» What the task asks: For the records below, print the lines from the line with "by (simp add: ac_simps)" through the line with "(\<lambda>t. \<beta> *" exactly as written; include both end lines and exclude the rest.
[Given records — start]
lemma integral_exp_linear:
  fixes a :: complex
  assumes "0 \<le> T" "a \<noteq> 0"
  shows "integral {0..T} (\<lambda>t. exp (a * of_real t)) = (exp (a * of_real T) - 1) / a"
proof -
  have "((\<lambda>x. exp (a * x) / a) has_vector_derivative exp (a * t)) (at t within {0..T})" for t
    using assms
    by (intro derivative_eq_intros has_complex_derivative_imp_has_vector_derivative [unfolded o_def] | simp)+
  then have "((\<lambda>t. exp (a * of_real t)) has_integral exp (a * of_real T) / a - exp (a * of_real 0) / a) {0..T}"
    by (meson fundamental_theorem_of_calculus \<open>0 \<le> T\<close>)
  then show ?thesis
    by (simp add: diff_divide_distrib integral_unique)
qed

lemma fcoef_echar: "fcoef (echar k) u = (if u = k then 1 else 0)"
proof -
  have int: "integrable (lebesgue_on {0..2*pi}) (\<lambda>t. exp (- \<i> * of_int (u - k) * of_real t))"
    by (rule continuous_imp_integrable_real) (intro continuous_intros)
  have "fcoef (echar k) u = fcoef (\<lambda>_. 1) (u - k)"
    using fcoef_mult_echar[of k "\<lambda>_. 1" u] by simp
  also have "\<dots> = (1 / (2 * pi)) * integral {0..2*pi} (\<lambda>t. exp ((- \<i> * of_int (u - k)) * of_real t))"
    unfolding fcoef_def using lebesgue_integral_eq_integral[OF int] by simp
  also have "\<dots> = (if u = k then 1 else 0)"
  proof (cases "u = k")
    case False
    have "exp ((- \<i> * of_int (u - k)) * of_real (2*pi)) = exp ((2 * of_int (k - u) * pi) * \<i>)"
      by (simp add: algebra_simps)
    also have "\<dots> = 1" by (rule exp_integer_2pi) simp
    finally show ?thesis
      using False integral_exp_linear[of "2*pi" "- \<i> * of_int (u - k)"] by simp
  qed (simp add: scaleR_conv_of_real)
  finally show ?thesis .
qed

lemma coef_vanishing_add:
  "f \<in> coef_vanishing U \<Longrightarrow> g \<in> coef_vanishing U \<Longrightarrow> (\<lambda>t. f t + g t) \<in> coef_vanishing U"
  unfolding coef_vanishing_def by (auto simp: fcoef_add L2T_add)

lemma coef_vanishing_diff:
  "f \<in> coef_vanishing U \<Longrightarrow> g \<in> coef_vanishing U \<Longrightarrow> (\<lambda>t. f t - g t) \<in> coef_vanishing U"
  unfolding coef_vanishing_def by (auto simp: fcoef_diff L2T_diff)

lemma coef_vanishing_cmult: "f \<in> coef_vanishing U \<Longrightarrow> (\<lambda>t. a * f t) \<in> coef_vanishing U"
  unfolding coef_vanishing_def by (auto simp: fcoef_cmult L2T_cmult)

lemma coef_vanishing_zero: "(\<lambda>t. 0) \<in> coef_vanishing U"
  using fcoef_cmult[of 0 "\<lambda>t. 0"] by (simp add: coef_vanishing_def L2T_continuous)

lemma coef_vanishing_sum:
  "(\<And>i. i \<in> I \<Longrightarrow> f i \<in> coef_vanishing U) \<Longrightarrow> (\<lambda>t. \<Sum>i\<in>I. f i t) \<in> coef_vanishing U"
  by (induction I rule: infinite_finite_induct) (auto simp: coef_vanishing_zero coef_vanishing_add)

lemma coef_vanishing_mono: "f \<in> coef_vanishing U \<Longrightarrow> V \<subseteq> U \<Longrightarrow> f \<in> coef_vanishing V"
  unfolding coef_vanishing_def by auto

lemma coef_vanishing_echar: "k \<notin> U \<Longrightarrow> echar k \<in> coef_vanishing U"
  unfolding coef_vanishing_def
  by (auto simp: fcoef_echar intro!: L2T_continuous continuous_intros)

lemma coef_vanishing_mult_echar:
  "f \<in> coef_vanishing U \<Longrightarrow> (\<And>u. u \<in> U \<Longrightarrow> u - k \<in> U) \<Longrightarrow>
    (\<lambda>t. echar k t * f t) \<in> coef_vanishing U"
  unfolding coef_vanishing_def by (auto simp: fcoef_mult_echar intro!: L2T_mult continuous_intros)

lemma coef_vanishing_mult_power:
  assumes f: "f \<in> coef_vanishing U" and U: "\<And>u. u \<in> U \<Longrightarrow> u - k \<in> U"
  shows "(\<lambda>t. (1 - \<gamma> * echar k t) ^ m * f t) \<in> coef_vanishing U"
proof (induction m)
  case (Suc m)
  then have "(\<lambda>t. (1 - \<gamma> * echar k t) ^ m * f t - \<gamma> * (echar k t * ((1 - \<gamma> * echar k t) ^ m * f t)))
      \<in> coef_vanishing U"
    by (intro coef_vanishing_diff coef_vanishing_cmult coef_vanishing_mult_echar U)
  then show ?case by (simp add: algebra_simps)
qed (use f in simp)

lemma coef_vanishing_mult_prod:
  assumes f: "f \<in> coef_vanishing U" and U: "\<And>u. u \<in> U \<Longrightarrow> u - k \<in> U"
  shows "(\<lambda>t. (\<Prod>j<(n::nat). (1 - \<gamma> j * echar k t) ^ m j) * f t) \<in> coef_vanishing U"
proof (induction n)
  case (Suc n)
  from coef_vanishing_mult_power[OF Suc U, of "\<gamma> n" "m n"] show ?case
    by (simp add: ac_simps)
qed (use f in simp)

text \<open>If all coefficients of \<open>f = (1 - \<beta> e\<^sub>k) g\<close> on a \<open>(-k)\<close>-stable set \<open>U\<close> vanish, then
  \<open>\<hat>g(u) = \<beta>\<^sup>n \<hat>g(u - n k)\<close> for all \<open>u \<in> U\<close>, which tends to zero since \<open>\<hat>g\<close> is bounded.\<close>
lemma coef_vanishing_divide:
  assumes f: "f \<in> coef_vanishing U" and \<beta>: "cmod \<beta> < 1" and U: "\<And>u. u \<in> U \<Longrightarrow> u - k \<in> U"
  shows "(\<lambda>t. f t / (1 - \<beta> * echar k t)) \<in> coef_vanishing U"
proof -
  define g where "g = (\<lambda>t. f t / (1 - \<beta> * echar k t))"
  have nz: "\<beta> * echar k t \<noteq> 1" for t
    using \<beta> by (metis norm_echar norm_mult norm_one mult.right_neutral less_irrefl)
  have "continuous_on UNIV (\<lambda>t. 1 / (1 - \<beta> * echar k t))"
    using nz by (intro continuous_intros) (simp add: right_minus_eq)
  then have gL: "L2T g"
    using L2T_mult[of "\<lambda>t. 1 / (1 - \<beta> * echar k t)" f] f
    unfolding g_def coef_vanishing_def by auto
  have L2: "L2T (\<lambda>t. \<beta> * (echar k t * g t))"
    by (intro L2T_cmult L2T_mult[OF _ gL] continuous_intros)
  have fg: "f = (\<lambda>t. g t - \<beta> * (echar k t * g t))"
  proof
    fix t
    have "g t - \<beta> * (echar k t * g t) = (1 - \<beta> * echar k t) * g t"
      by (simp add: algebra_simps)
    then show "f t = g t - \<beta> * (echar k t * g t)"
      using nz[of t] by (simp add: g_def)
  qed
  have step: "fcoef g u = \<beta> * fcoef g (u - k)" if "u \<in> U" for u
  proof -
    have "fcoef f u = fcoef g u - \<beta> * fcoef g (u - k)"
      by (subst fg, subst fcoef_diff[OF gL L2]) (simp add: fcoef_cmult fcoef_mult_echar)
    moreover have "fcoef f u = 0" using f that unfolding coef_vanishing_def by auto
    ultimately show ?thesis by simp
  qed
  have iter: "fcoef g u = \<beta> ^ n * fcoef g (u - of_nat n * k)" if "u \<in> U" for u n
    using that
  proof (induction n arbitrary: u)
    case (Suc n)
    then show ?case
      using step[OF Suc.prems] Suc.IH[OF U[OF Suc.prems]] by (simp add: algebra_simps)
  qed simp
  obtain C where C: "\<And>u. cmod (fcoef g u) \<le> C" using fcoef_bounded by blast
  have "fcoef g u = 0" if "u \<in> U" for u
  proof -
    have "cmod (fcoef g u) \<le> cmod \<beta> ^ n * C" for n
      using iter[OF that, of n] mult_left_mono[OF C, of "cmod \<beta> ^ n"]
      by (simp add: norm_mult norm_power)
    moreover have "(\<lambda>n. cmod \<beta> ^ n * C) \<longlonglongrightarrow> 0 * C"
      using \<beta> by (intro tendsto_mult_right LIMSEQ_power_zero) auto
    ultimately have "cmod (fcoef g u) \<le> 0 * C"
      by (intro LIMSEQ_le_const[where X = "\<lambda>n. cmod \<beta> ^ n * C"]) auto
    then show ?thesis by simp
  qed
  with gL show ?thesis unfolding coef_vanishing_def g_def by auto
qed

lemma coef_vanishing_divide_power:
  assumes f: "f \<in> coef_vanishing U" and \<gamma>: "cmod \<gamma> < 1" and U: "\<And>u. u \<in> U \<Longrightarrow> u - k \<in> U"
  shows "(\<lambda>t. f t / (1 - \<gamma> * echar k t) ^ m) \<in> coef_vanishing U"
proof (induction m)
  case (Suc m)
  from coef_vanishing_divide[OF Suc \<gamma> U] show ?case
    by (simp add: divide_divide_eq_left ac_simps)
qed (use f in simp)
[Given records — finish]
» Answer space:
    by (simp add: ac_simps)
qed (use f in simp)

text \<open>If all coefficients of \<open>f = (1 - \<beta> e\<^sub>k) g\<close> on a \<open>(-k)\<close>-stable set \<open>U\<close> vanish, then
  \<open>\<hat>g(u) = \<beta>\<^sup>n \<hat>g(u - n k)\<close> for all \<open>u \<in> U\<close>, which tends to zero since \<open>\<hat>g\<close> is bounded.\<close>
lemma coef_vanishing_divide:
  assumes f: "f \<in> coef_vanishing U" and \<beta>: "cmod \<beta> < 1" and U: "\<And>u. u \<in> U \<Longrightarrow> u - k \<in> U"
  shows "(\<lambda>t. f t / (1 - \<beta> * echar k t)) \<in> coef_vanishing U"
proof -
  define g where "g = (\<lambda>t. f t / (1 - \<beta> * echar k t))"
  have nz: "\<beta> * echar k t \<noteq> 1" for t
    using \<beta> by (metis norm_echar norm_mult norm_one mult.right_neutral less_irrefl)
  have "continuous_on UNIV (\<lambda>t. 1 / (1 - \<beta> * echar k t))"
    using nz by (intro continuous_intros) (simp add: right_minus_eq)
  then have gL: "L2T g"
    using L2T_mult[of "\<lambda>t. 1 / (1 - \<beta> * echar k t)" f] f
    unfolding g_def coef_vanishing_def by auto
  have L2: "L2T (\<lambda>t. \<beta> * (echar k t * g t))"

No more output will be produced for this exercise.